At the start, Ricupero's assertion in his appellate brief that he responded to the NASD's Rule 8210 request in May 2006, and that the NASD received that response, is to no avail. The SEC's determination to adopt the Hearing Panel's finding, which discredited Ricupero's testimony on this point, was amply supported by substantial evidence in the record, and is thus conclusive. Ricupero's contention that the NASD's sanction was excessive and oppressive because he responded to the Rule 8210 requests in May 2006 is therefore without merit.
Ricupero nevertheless contends that his "belated" November 2007 response to the NASD's requests for information — well after the NASD filed its complaint against him — should have precluded both the conclusion that his conduct constituted a complete non-response, and the imposition of a permanent bar. But as the SEC has expressly noted, the prior decisions of the SEC on which Ricupero relies are inapplicable here because they involved individuals who provided partial responses to the NASD's Rule 8210 requests prior to the initiation of disciplinary proceedings against them. See CMG Institutional Trading, LLC, Exchange Act Release No. 59,325, 95 SEC Docket 270, 2009 WL 223617, at *3-*5 (Jan. 30, 2009); Perpetual Secs., Inc., Exchange Act Release No. 56,613, 91 SEC Docket 2083, 2007 WL 2892696, at *8-*9, *12 (Oct. 4, 2007). By contrast, where an individual responds to a Rule 8210 request for information only after a disciplinary proceeding has been initiated against him, the SEC has ruled that such conduct constitutes a complete failure to respond. See Elliot M. Hershberg, Exchange Act Release No. 53,145, 87 SEC Docket 494, 2006 WL 140646, at *1, *3-*4 (Jan. 19, 2006). The SEC therefore did not err in sustaining the NASD's sanction on this ground.

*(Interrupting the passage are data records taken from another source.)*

(* There exist a finite grid graph $G=P_a\square P_b$ (Cartesian product of two paths) and pebble distributions $D, D'$ on $G$ with $D(v)\le D'(v)$ for every vertex $v$, such that the covering ratio of $D'$ exceeds the covering ratio of $D$ by more than $1$, while the covering ratio ceiling of $D'$ is strictly smaller than the covering ratio ceiling of $D$.
   Context: A pebble distribution on a graph $G$ is a function $D:V(G)\to\mathbb{N}$; its size is $|D|=\sum_v D(v)$. A pebbling move along an edge $vu$ with $D(v)\ge 2$ removes two pebbles from $v$ and adds one pebble to $u$. A vertex $v$ is reachable under $D$ if $D(v)\ge 1$ or there is a sequence of pebbling moves whose last move places a pebble on $v$. The covering ratio of $D$ is (number of vertices reachable under $D$)$/|D|$. The weight function of $D$ is $W_D(u)=\sum_{v\in V(G)} D(v)2^{-d(u,v)}$, where $d$ is graph distance. The excess weight is $\widehat W_D(u)=W_D(u)-1$ if $W_D(u)>1$ and $\widehat W_D(u)=W_D(u)$ if $W_D(u)\le 1$. The covering ratio ceiling of $D$ is $\left(\sum_{v}W_D(v)-\sum_v \widehat W_D(v)\right)/\sum_v D(v)$. *)

theory Defs
  imports Complex_Main
begin

text \<open>A graph is given by a finite vertex set V and a symmetric adjacency relation E
  (E u v only for u, v in V). A pebble distribution is a function D :: 'a \<Rightarrow> nat,
  meant to vanish outside V.\<close>

definition dist_size :: "'a set \<Rightarrow> ('a \<Rightarrow> nat) \<Rightarrow> nat" where
  "dist_size V D = (\<Sum>v\<in>V. D v)"

definition gdist :: "('a \<Rightarrow> 'a \<Rightarrow> bool) \<Rightarrow> 'a \<Rightarrow> 'a \<Rightarrow> nat" where
  "gdist E u v = (LEAST n. (E ^^ n) u v)"

definition pebble_move :: "('a \<Rightarrow> 'a \<Rightarrow> bool) \<Rightarrow> ('a \<Rightarrow> nat) \<Rightarrow> 'a \<Rightarrow> 'a \<Rightarrow> ('a \<Rightarrow> nat) \<Rightarrow> bool" where
  "pebble_move E D v u D' \<longleftrightarrow> E v u \<and> D v \<ge> 2 \<and> D' = (\<lambda>w. if w = v then D v - 2 else if w = u then D u + 1 else D w)"

definition pebble_step :: "('a \<Rightarrow> 'a \<Rightarrow> bool) \<Rightarrow> ('a \<Rightarrow> nat) \<Rightarrow> ('a \<Rightarrow> nat) \<Rightarrow> bool" where
  "pebble_step E D D' \<longleftrightarrow> (\<exists>v u. pebble_move E D v u D')"

definition reachable :: "('a \<Rightarrow> 'a \<Rightarrow> bool) \<Rightarrow> ('a \<Rightarrow> nat) \<Rightarrow> 'a \<Rightarrow> bool" where
  "reachable E D v \<longleftrightarrow> D v \<ge> 1 \<or>
     (\<exists>D1 D2 w. (pebble_step E)\<^sup>*\<^sup>* D D1 \<and> pebble_move E D1 w v D2)"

Ricupero next contends that the bar imposed by the NASD is improper because it is punitive, not remedial. We disagree. In considering the SEC's sustainer of sanctions, "[o]ur foremost consideration must . . . be whether [a] sanction protects the trading public from further harm." McCarthy, 406 F.3d at 188. "Although general deterrence is not, by itself, sufficient justification for expulsion or suspension, . . . it may be considered as part of the overall remedial inquiry." Id. at 189. Here, in light of, inter alia, the NASD's self-regulatory function; the importance of the information requested; the NASD's repeated attempts to obtain a response; the seriousness of Rule 8210 violations generally; and the need to prevent Ricupero from reentering the securities industry, we find that the SEC acted within its discretion in concluding that a permanent bar was the appropriate remedy for Ricupero's violations.
Finally, Ricupero argues that the SEC erred in failing to explain why a lesser sanction should not have been imposed. Ricupero's argument fails. As a preliminary matter, the SEC is not required to impose the least onerous sanction available to it. See Paz Secs., Inc. v. SEC, 566 F.3d 1172, 1176 (D.C. Cir. 2009). In this case, the SEC properly applied the NASD's Sanction Guidelines, as well as its accompanying "Principal Considerations," and explained in detail its reasons for rejecting Ricupero's contention that a lesser sanction was appropriate. We therefore conclude that the SEC sufficiently provided its reasons for sustaining the permanent bar imposed by the NASD.
We have reviewed Ricupero's remaining arguments and find them to be waived or without merit. See 15 U.S.C. § 78y(c)(1) ("No objection to an order or rule of the [Securities and Exchange] Commission, for which review is sought under this section, may be considered by the court unlessit was urged before the Commission or there was reasonable ground for failure to do so."). For the foregoing reasons, the petition for review is DENIED.